On 4/17/2026 8:32 PM, Elijah Newren via GitGitGadget wrote:
> From: Elijah Newren <newren@gmail.com>

(I'm sorry that I'm reviewing out of order. This reply includes my
feelings about patch 3 after reading both.)

> +/*
> + * Enumerate blob OIDs from a single commit's diff, inserting them into blobs.
> + * Skips files whose userdiff driver explicitly declares binary status
> + * (drv->binary > 0), since patch-ID uses oid_to_hex() for those and
> + * never reads blob content.  Use userdiff_find_by_path() since
> + * diff_filespec_load_driver() is static in diff.c.
> + *
> + * Clean up with diff_queue_clear() (from diffcore.h).
> + */
> +static void collect_diff_blob_oids(struct commit *commit,
> +				   struct diff_options *opts,
> +				   struct oidset *blobs)

I think that this is generally a good idea, though I worry that
having this hidden in builtin/log.c may not be the right long-
term home.

I expect that we'll find more and more examples where we want to
prefetch blobs in different operations, those that exist now and
those that may be created in the future. It would be preferred if
they could automatically take advantage of the logic already in
diff_queued_diff_prefetch() within diffcore_std() in diff.c.

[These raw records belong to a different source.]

(* Let $N\ge1$, $Y=(y_1,\dots,y_N)$ distinct points of $\mathbb{R}^3$, $\alpha\in\mathbb{R}^N$, and for $\mu\ge0$ let $\Gamma_{\alpha,Y}(\mu)$ be the $N\times N$ matrix with entries $[\Gamma_{\alpha,Y}(\mu)]_{jj}=\alpha_j-\frac{i\mu}{4\pi}$ and $[\Gamma_{\alpha,Y}(\mu)]_{j\ell}=-\frac{e^{i\mu|y_j-y_\ell|}}{4\pi|y_j-y_\ell|}$ for $j\neq\ell$. Assume $\Gamma_{\alpha,Y}(\mu)$ is invertible for all $\mu\in[0,+\infty)$ with locally bounded inverse, and let $c_{j\ell}(\mu)=[\Gamma_{\alpha,Y}(\mu)^{-1}]_{j\ell}$. Then, with $\langle\mu\rangle=(1+\mu^2)^{1/2}$: (i) the $c_{j\ell}$ are holomorphic in a neighbourhood of $[0,+\infty)$ and satisfy, for $\mu\ge0$, $|c_{j\ell}(\mu)|\le C\langle\mu\rangle^{-1}$, $|c'_{j\ell}(\mu)|\le C\langle\mu\rangle^{-2}$, $|c''_{j\ell}(\mu)|\le C\langle\mu\rangle^{-2}$; (ii) one can write $c_{j\ell}(\mu)=4\pi i\,\delta_{j\ell}\langle\mu\rangle^{-1}+d_{j\ell}(\mu)$ and also $c_{j\ell}(\mu)=4\pi i\,\delta_{j\ell}\,\mu\langle\mu\rangle^{-2}+\tilde d_{j\ell}(\mu)$, where $d_{j\ell},\tilde d_{j\ell}$ are holomorphic near $[0,\infty)$ and satisfy $|d_{j\ell}|+|d'_{j\ell}|+|d''_{j\ell}|\le C\langle\mu\rangle^{-2}$ and $|\tilde d_{j\ell}|+|\tilde d'_{j\ell}|+|\tilde d''_{j\ell}|\le C\langle\mu\rangle^{-2}$ for $\mu\ge0$.
   Context: $\delta_{j\ell}$ is the Kronecker delta; primes denote derivatives in $\mu$; $C$ denotes constants independent of $\mu$. *)

theory Defs
  imports "HOL-Analysis.Analysis"
begin

text \<open>The matrix Gamma_{alpha,Y}(z), written for complex spectral parameter z
  (its entries are entire in z); the index set of the points is a finite type 'n,
  so N = CARD('n) >= 1.\<close>
definition Gamma_mat :: "('n::finite \<Rightarrow> real) \<Rightarrow> ('n \<Rightarrow> real^3) \<Rightarrow> complex \<Rightarrow> complex^'n^'n" where
  "Gamma_mat \<alpha> y z = (\<chi> j l. if j = l
      then complex_of_real (\<alpha> j) - \<i> * z / (4 * complex_of_real pi)
      else - exp (\<i> * z * complex_of_real (dist (y j) (y l)))
             / (4 * complex_of_real pi * complex_of_real (dist (y j) (y l))))"
(* Let $R$ be a poset and $P$ a join-semilattice with a least element. The following are equivalent: (i) there is an order-embedding of $I(R)$ into $J(P)$ which preserves arbitrary joins; (ii) there is an order-embedding of $I(R)$ into $J(P)$; (iii) there is a map $g:I_{<\omega}(R)\to P$ such that for all $X,Y_1,\dots,Y_n\in I_{<\omega}(R)$: if $X\not\subseteq Y_1\cup\dots\cup Y_n$ then $g(X)\not\le g(Y_1)\vee\dots\vee g(Y_n)$; (iv) there is a map $h:R\to P$ such that for all $x,y_1,\dots,y_n\in R$: if $x\not\le y_i$ for every $1\le i\le n$, then $h(x)\not\le h(y_1)\vee\dots\vee h(y_n)$.
   Context: $I(R)$ is the set of initial segments of $R$ ordered by inclusion; $I_{<\omega}(R)$ is the set of finitely generated initial segments of $R$, i.e. those of the form $\downarrow A=\{x\in R:\exists a\in A,\ x\le a\}$ with $A$ finite. An ideal of $P$ is a non-empty up-directed initial segment; $J(P)$ is the set of ideals of $P$ ordered by inclusion. An order-embedding $f$ satisfies $x\le y\iff f(x)\le f(y)$. *)

theory Defs
  imports Main
begin

text \<open>The poset R is a carrier set R with the order inherited from the type.\<close>

definition init_segs :: "'a::order set \<Rightarrow> 'a set set" where
  "init_segs R = {S. S \<subseteq> R \<and> (\<forall>x\<in>S. \<forall>y\<in>R. y \<le> x \<longrightarrow> y \<in> S)}"

definition down_set :: "'a::order set \<Rightarrow> 'a set \<Rightarrow> 'a set" where
  "down_set R A = {x\<in>R. \<exists>a\<in>A. x \<le> a}"

definition fin_init_segs :: "'a::order set \<Rightarrow> 'a set set" where
  "fin_init_segs R = {down_set R A | A. finite A \<and> A \<subseteq> R}"

definition order_ideals :: "'p::order set set" where
  "order_ideals = {I. I \<noteq> {} \<and> (\<forall>x\<in>I. \<forall>y. y \<le> x \<longrightarrow> y \<in> I)
                      \<and> (\<forall>x\<in>I. \<forall>y\<in>I. \<exists>z\<in>I. x \<le> z \<and> y \<le> z)}"

definition ideal_join :: "'p::order set set \<Rightarrow> 'p set" where
  "ideal_join F = \<Inter>{I \<in> order_ideals. \<forall>S\<in>F. S \<subseteq> I}"

definition order_embedding_on :: "'a set set \<Rightarrow> 'b set set \<Rightarrow> ('a set \<Rightarrow> 'b set) \<Rightarrow> bool" where
  "order_embedding_on A B f \<longleftrightarrow> (\<forall>X\<in>A. f X \<in> B) \<and> (\<forall>X\<in>A. \<forall>Y\<in>A. X \<subseteq> Y \<longleftrightarrow> f X \<subseteq> f Y)"
lemma (in prob_space) Hoeffding_matching_partition:
  fixes Z :: "'i \<Rightarrow> 'a \<Rightarrow> real" and a b :: "'e \<Rightarrow> 'i" and cls :: "'e \<Rightarrow> 'c"
    and h :: "real \<times> real \<Rightarrow> real"
  assumes indep: "indep_vars (\<lambda>_. borel) Z I"
    and E: "finite E" "E \<noteq> {}" and ends: "\<And>e. e \<in> E \<Longrightarrow> a e \<in> I \<and> b e \<in> I"
    and matching: "\<And>e e'. e \<in> E \<Longrightarrow> e' \<in> E \<Longrightarrow> e \<noteq> e' \<Longrightarrow> cls e = cls e' \<Longrightarrow>
      {a e, b e} \<inter> {a e', b e'} = {}"
    and class_size: "\<And>e. e \<in> E \<Longrightarrow> m \<le> real (card {e'\<in>E. cls e' = cls e})"
    and h: "h \<in> borel_measurable borel" "\<And>z. h z \<in> {0..B}" and "0 < B"
    and \<theta>: "\<And>e. e \<in> E \<Longrightarrow> expectation (\<lambda>\<omega>. h (Z (a e) \<omega>, Z (b e) \<omega>)) = \<theta>"
    and "0 \<le> t"
  shows "prob {\<omega>\<in>space M. t < \<bar>(\<Sum>e\<in>E. h (Z (a e) \<omega>, Z (b e) \<omega>)) / card E - \<theta>\<bar>}
    \<le> card (cls ` E) * (2 * exp (-2 * t\<^sup>2 * m / B\<^sup>2))"
proof -
  define W where "W e = (\<lambda>\<omega>. h (Z (a e) \<omega>, Z (b e) \<omega>))" for e
  define C where "C r = {e\<in>E. cls e = r}" for r
  define A where "A r = {\<omega>\<in>space M. t \<le> \<bar>(\<Sum>e\<in>C r. W e \<omega>) / card (C r) - \<theta>\<bar>}" for r
  have "W e \<in> borel_measurable M" if "e \<in> E" for e
  proof -
    have "random_variable borel (Z i)" if "i \<in> I" for i
      using indep that by (auto simp: indep_vars_def)
    with ends[OF that] show ?thesis
      unfolding W_def using h(1) by (simp add: borel_prod[symmetric])
  qed
  then have A_events: "A r \<in> events" for r
    unfolding A_def C_def by measurable
  have A_prob: "prob (A r) \<le> 2 * exp (-2 * t\<^sup>2 * m / B\<^sup>2)" if r: "r \<in> cls ` E" for r
  proof -
    obtain e where e: "e \<in> E" "r = cls e" using r by blast
    have "prob (A r) \<le> 2 * exp (-2 * t\<^sup>2 * card (C r) / B\<^sup>2)"
      unfolding A_def W_def
      by (rule Hoeffding_matching[OF indep]) (use E e ends matching h \<open>0 < B\<close> \<theta> \<open>0 \<le> t\<close> in \<open>auto simp: C_def\<close>)
    also have "\<dots> \<le> 2 * exp (-2 * t\<^sup>2 * m / B\<^sup>2)"
      using class_size[OF e(1)] e(2) by (auto simp: C_def intro!: divide_right_mono mult_left_mono)
    finally show ?thesis .
  qed
  have "{\<omega>\<in>space M. t < \<bar>(\<Sum>e\<in>E. W e \<omega>) / card E - \<theta>\<bar>} \<subseteq> (\<Union>r\<in>cls ` E. A r)"
  proof
    fix \<omega> assume "\<omega> \<in> {\<omega>\<in>space M. t < \<bar>(\<Sum>e\<in>E. W e \<omega>) / card E - \<theta>\<bar>}"
    then show "\<omega> \<in> (\<Union>r\<in>cls ` E. A r)"
      by (auto simp: A_def C_def elim!: exists_class_mean_deviation[OF E, where cls = cls])
  qed
  then have "prob {\<omega>\<in>space M. t < \<bar>(\<Sum>e\<in>E. W e \<omega>) / card E - \<theta>\<bar>} \<le> prob (\<Union>r\<in>cls ` E. A r)"
    by (rule finite_measure_mono) (use A_events E in auto)
  also have "\<dots> \<le> (\<Sum>r\<in>cls ` E. prob (A r))"
    by (rule finite_measure_subadditive_finite) (use A_events E in auto)
  also have "\<dots> \<le> card (cls ` E) * (2 * exp (-2 * t\<^sup>2 * m / B\<^sup>2))"
    using sum_mono[OF A_prob] by simp
  finally show ?thesis by (simp add: W_def)
qed

section \<open>Edge colourings by matchings\<close>

lemma dvd_abs_less_imp_zero:
  fixes n x :: int
  assumes "n dvd x" "\<bar>x\<bar> < n"
  shows "x = 0"
  using assms dvd_imp_le_int[of x n] by fastforce

lemma eq_if_dvd_diff_less:
  fixes x y n :: nat
  assumes "int n dvd int x - int y" "x < n" "y < n"
  shows "x = y"
  using dvd_abs_less_imp_zero[OF assms(1)] assms(2,3) by simp

(* Edge colourings of the complete bipartite graph on {..<p} x {..<q} (with n = max p q) and of
   the complete graph on {..<p} (with n = p) whose colour classes are matchings. *)
definition diagonal_colour :: "nat \<Rightarrow> nat \<times> nat \<Rightarrow> int" where
  "diagonal_colour n e = (int (snd e) - int (fst e)) mod int n"

definition antidiagonal_colour :: "nat \<Rightarrow> nat \<times> nat \<Rightarrow> int" where
  "antidiagonal_colour n e = (int (fst e) + int (snd e)) mod int n"

lemma card_image_mod_le:
  assumes "0 < n"
  shows "card ((\<lambda>x. f x mod int n) ` A) \<le> n"
proof -
  have "(\<lambda>x. f x mod int n) ` A \<subseteq> {0..<int n}" using assms by auto
  then show ?thesis using card_mono[of "{0..<int n}"] by fastforce
qed

lemma diagonal_colour_matching:
  assumes "e \<in> {..<n} \<times> {..<n}" "e' \<in> {..<n} \<times> {..<n}" "e \<noteq> e'"
    and "diagonal_colour n e = diagonal_colour n e'"
  shows "fst e \<noteq> fst e' \<and> snd e \<noteq> snd e'"
proof -
  obtain i j i' j' where e: "e = (i, j)" "e' = (i', j')" by (cases e, cases e')
  have bounds: "i < n" "j < n" "i' < n" "j' < n" using assms(1,2) by (simp_all add: e)
  have "int n dvd (int j - int i) - (int j' - int i')"
    using assms(4) by (simp add: e diagonal_colour_def mod_eq_dvd_iff)
  then have "i = i' \<Longrightarrow> int n dvd int j - int j'" "j = j' \<Longrightarrow> int n dvd int i' - int i"
    by (simp_all add: algebra_simps)
  then have "i = i' \<longleftrightarrow> j = j'" using eq_if_dvd_diff_less bounds by metis
  then show ?thesis using assms(3) by (auto simp: e)
qed

lemma diagonal_colour_class_size:
  assumes "e \<in> {..<p} \<times> {..<q}"
  shows "min p q \<le> card {e' \<in> {..<p} \<times> {..<q}. diagonal_colour (max p q) e' = diagonal_colour (max p q) e}"
proof -
  define n where "n = max p q"
  define s where "s = diagonal_colour n e"
  define K where "K = {e' \<in> {..<p} \<times> {..<q}. diagonal_colour n e' = s}"
  have n: "0 < n" using assms by (auto simp: n_def)
  have s: "s mod int n = s" by (simp add: s_def diagonal_colour_def case_prod_beta)
  have fin: "finite K" by (simp add: K_def)
  have "min p q \<le> card K"
  proof (cases "p \<le> q")
    case True
    define f where "f i = (i, nat ((int i + s) mod int n))" for i
    have "diagonal_colour n (f i) = s" for i
      using n s by (simp add: f_def diagonal_colour_def mod_diff_left_eq)
    moreover have "snd (f i) < q" for i
      using True n by (simp add: f_def n_def nat_less_iff)
    ultimately have "f ` {..<p} \<subseteq> K"
      unfolding K_def by (auto simp: mem_Times_iff) (simp add: f_def)
    then have "card (f ` {..<p}) \<le> card K" by (rule card_mono[OF fin])
    moreover have "inj_on f {..<p}" by (auto simp: inj_on_def f_def)
    ultimately show ?thesis using True by (simp add: card_image)
  next
    case False
    define f where "f j = (nat ((int j - s) mod int n), j)" for j
    have "diagonal_colour n (f j) = s" for j
      using n s by (simp add: f_def diagonal_colour_def mod_diff_right_eq)
    moreover have "fst (f j) < p" for j
      using False n by (simp add: f_def n_def nat_less_iff)
    ultimately have "f ` {..<q} \<subseteq> K"
      unfolding K_def by (auto simp: mem_Times_iff) (simp add: f_def)
    then have "card (f ` {..<q}) \<le> card K" by (rule card_mono[OF fin])
    moreover have "inj_on f {..<q}" by (auto simp: inj_on_def f_def)
    ultimately show ?thesis using False by (simp add: card_image)
  qed
  then show ?thesis by (simp add: K_def s_def n_def)
qed

lemma antidiagonal_colour_matching:
  assumes "i < j" "j < p" "i' < j'" "j' < p" "(j, i) \<noteq> (j', i')"
    and "antidiagonal_colour p (j, i) = antidiagonal_colour p (j', i')"
  shows "{i, j} \<inter> {i', j'} = {}"
proof -
  have dvd: "int p dvd (int j + int i) - (int j' + int i')"
    using assms(6) by (simp add: antidiagonal_colour_def mod_eq_dvd_iff)
  have "i = i' \<Longrightarrow> j = j'" using dvd eq_if_dvd_diff_less[of p j j'] assms(2,4) by simp
  moreover have "j = j' \<Longrightarrow> i = i'" using dvd eq_if_dvd_diff_less[of p i i'] assms by simp
  moreover have "i = j' \<Longrightarrow> j = i'" using dvd eq_if_dvd_diff_less[of p j i'] assms by simp
  moreover have "j = i' \<Longrightarrow> i = j'" using dvd eq_if_dvd_diff_less[of p i j'] assms by simp
  ultimately have "i \<noteq> i' \<and> j \<noteq> j' \<and> i \<noteq> j' \<and> j \<noteq> i'"
    using assms(1,3,5) by (metis less_asym)
  then show ?thesis by blast
qed

lemma card_mod_reflection_fixed_points_le:
  fixes r :: int
  assumes "0 \<le> r" "r < int p"
  shows "card {x\<in>{..<p}. (r - int x) mod int p = int x} \<le> 2"
proof -
  have "{x\<in>{..<p}. (r - int x) mod int p = int x} \<subseteq> {nat r div 2, (nat r + p) div 2}"
  proof
    fix x assume x: "x \<in> {x\<in>{..<p}. (r - int x) mod int p = int x}"
    then have dvd: "int p dvd r - 2 * int x"
      using mod_eq_dvd_iff[of "r - int x" "int p" "int x"] by simp
    have "r - 2 * int x = 0 \<or> r - 2 * int x + int p = 0"
    proof (cases "r - 2 * int x > - int p")
      case True
      then show ?thesis using dvd_abs_less_imp_zero[OF dvd] assms x by simp
    next
      case False
      then show ?thesis using dvd_abs_less_imp_zero[of "int p" "r - 2 * int x + int p"] dvd assms x by simp
    qed
    then have "2 * x = nat r \<or> 2 * x = nat r + p" using assms(1) by linarith
    then show "x \<in> {nat r div 2, (nat r + p) div 2}" by auto
  qed
  then have "card {x\<in>{..<p}. (r - int x) mod int p = int x} \<le> card {nat r div 2, (nat r + p) div 2}"
    by (rule card_mono[rotated]) simp
  also have "\<dots> \<le> 2" by (simp add: card_insert_if)
  finally show ?thesis .
qed
(* Let $A\in\mathcal C$, let $U$ be an independent subset of $A$ and $V$ an independent subset of $T$, and let $f:{\rm desc}(U)\to{\rm desc}(V)$ be an isomorphism. Let $Q$ be the set of $q$-element subsets $p\subseteq U$ such that $p$ has a common predecessor in $A$ and $f(p)$ has a common predecessor in $T$. For $p\in Q$ let $w_p$ be a common predecessor of $p$ in $A$ and $w_{f(p)}$ a common predecessor of $f(p)$ in $T$. Put $U'=(U\setminus\bigcup Q)\cup\{w_p: p\in Q\}$ and $V'=(V\setminus\bigcup_{p\in Q}f(p))\cup\{w_{f(p)}:p\in Q\}$. Then: (a) $U'$ and $V'$ are independent subsets of $A$ and $T$ respectively, and the extension $F$ of $f$ which maps $w_p$ to $w_{f(p)}$ for each $p\in Q$ is an isomorphism from ${\rm desc}(U')$ to ${\rm desc}(V')$; (b) if $I\subseteq A$ is disjoint from $U$ and $U\cup I$ is an independent subset of $A$, then $U'\cup I$ is also independent.
   Context: Fix an integer $q\ge2$; $T=T_q$ is the digraph whose vertices are finite sequences over $\{0,\ldots,q-1\}$ with edges $(\bar w,\bar wi)$. For a digraph, an $s$-arc ($s\ge0$) from $u_0$ to $u_s$ is a sequence $u_0\ldots u_s$ with each $(u_i,u_{i+1})$ an edge and $u_{i-1}\ne u_{i+1}$ for $0<i<s$; ${\rm desc}(u)$ is the set of vertices reachable from $u$ by some $s$-arc, $s\ge0$ (including $u$), and ${\rm desc}(Y)=\bigcup_{y\in Y}{\rm desc}(y)$; descendant sets are considered as induced subdigraphs. A descendant-closed set $B$ is finitely generated if $B={\rm desc}(Z)$ for a finite $Z$. A subset is independent if the descendant sets of any two distinct members are disjoint. A common predecessor of a set $X$ of vertices is a vertex $a$ with $(a,x)$ an edge for all $x\in X$. $\mathcal C$ is the class of digraphs $A$ such that ${\rm desc}(a)\cong T$ for every $a\in A$, $A={\rm desc}(Z)$ for some finite $Z$, and ${\rm desc}(a)\cap{\rm desc}(b)$ is finitely generated for all $a,b\in A$. *)

theory Defs
  imports Main
begin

Ultimately, _this_ patch cares about a diff. Could we compute a
"diff prep" computation using the core diff library instead of
inventing a second queue of results for diffing?

Patch 3 cares about a "scan prep" which cares about loading all
blobs for a given tree with respect to a pathspec. This is very
similar to what a checkout would do, though it ultimately uses
a form of diff to find out what change should be applied to the
working directory. Perhaps 'git archive' is a better matching
example.

I don't mean to make your series more complicated. I value what
you're doing and can see how your current attention can be used
to make further improvements later. By implementing things in a
common location, then we can have later integrations add to the
confidence in the feature through tests covering each user-facing
use.

I'm not sure if it makes sense to attempt to create a universal
library method that would be used by builtin/log.c _and_ diff.c,
at least not right now. I'm most interested in having this logic
be more reusable in the future without needing to move code
across files.

Thanks,
-Stolee


  parent reply	other threads:[~2026-04-27 13:17 UTC|newest]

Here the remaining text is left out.